While her wildlife occasionally gives her a bleeding finger, she’s no bleeding heart. She’s tough-minded and focused on getting the wounded animals rehabilitated and back into the wild. The unsentimental approach deters many a doe-eyed volunteer, as does the grim routine of death. Close to 40 per cent of the animals arriving at HFW die of their injuries or have to be euthanized. As Swinimer talks, she passes a rabbit in the second red barn that has just died.

She heads upstairs to check on a songbird for whom today will be its last day.

Swinimer herself has had a recent health scare: she was diagnosed with cancer. She took a rare day off to go for surgery, only for her doctors to find the cancer had disappeared.

She muses on death as she stops in the eagle enclosure, watching one of the mighty birds take an exploratory flight.

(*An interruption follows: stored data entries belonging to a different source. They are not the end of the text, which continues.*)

lemma nearest_point_orthogonal:
  assumes "y \<in> V" and "\<And>v. v \<in> V \<Longrightarrow> norm (x - y) \<le> norm (x - v)" and "z \<in> V"
  shows "inner (x - y) z = 0"
proof (rule real_eq_0_if_quadratic_bound)
  fix t :: real
  have "y + t *\<^sub>R z \<in> V" using subspace assms(1,3) by (simp add: subspace_add subspace_scale)
  then have "norm (x - y) \<le> norm ((x - y) - t *\<^sub>R z)"
    using assms(2) by (simp add: diff_diff_eq)
  then have "norm (x - y)^2 \<le> norm ((x - y) - t *\<^sub>R z)^2" by (simp add: power_mono)
  also have "\<dots> = norm (x - y)^2 - 2 * t * inner (x - y) z + t^2 * norm z ^2"
    unfolding power2_norm_eq_inner
    by (simp add: inner_diff_left inner_diff_right inner_commute power2_eq_square algebra_simps)
  finally show "2 * t * inner (x - y) z \<le> t^2 * norm z ^2" by simp
qed simp

lemma nearest_subspace_eqI:
  assumes "y \<in> V" and "\<And>z. z \<in> V \<Longrightarrow> inner (x - y) z = 0"
  shows "nearest V x = y"
  using assms subspace by (intro nearest_eqI) (auto simp: subspace_diff)

lemma nearest_subspace:
  shows nearest_in: "nearest V x \<in> V"
    and nearest_orthogonal: "z \<in> V \<Longrightarrow> inner (x - nearest V x) z = 0"
proof -
  obtain y where y: "y \<in> V" "\<And>v. v \<in> V \<Longrightarrow> norm (x - y) \<le> norm (x - v)"
    using closed_convex_nearest_point_exists[OF closed subspace_imp_convex[OF subspace]]
      subspace_0[OF subspace] by blast
  have "nearest V x = y"
    using nearest_point_orthogonal[OF y] y(1) by (intro nearest_subspace_eqI)
  then show "nearest V x \<in> V" "z \<in> V \<Longrightarrow> inner (x - nearest V x) z = 0"
    using nearest_point_orthogonal[OF y] y(1) by auto
qed

lemma nearest_id: "a \<in> V \<Longrightarrow> nearest V a = a"
  by (rule nearest_subspace_eqI) auto

lemma inner_nearest: "a \<in> V \<Longrightarrow> inner (nearest V x) a = inner x a"
  using nearest_orthogonal[of a x] by (simp add: inner_diff_left)

lemma nearest_eq_0: "(\<And>a. a \<in> V \<Longrightarrow> inner x a = 0) \<Longrightarrow> nearest V x = 0"
  using subspace by (intro nearest_subspace_eqI) (auto simp: subspace_0)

“I wonder if doing this type of rehab helps me deal with death in a different way than the general majority,” she says. “I guess you find a place for death.”

Her own death doesn’t worry her, she says, but the death of Hope for Wildlife does. It runs with its dedicated body of volunteers and animal doctors, but she is its life force.

“I’ve got to think, ‘How can this place exist when I’m gone? And that’s not easy, because not many people would take this on.” And yet, Swinimer is preparing HFW to exist more independently of her. She has been to rehab centres in British Columbia and California that started just like hers, but are now 40 years old and functioning independent of their founders. A new switchboard will handle the phone calls, and the website is being developed so more work can be done by others. HFW now has an onsite clinic that can handle 70 per cent of the medical interventions, and she hopes to attract a veterinary technician to cover the busy season.

Ultimately, she says, “I just think what we do is so important. We need to be doing it; I want to be doing it.”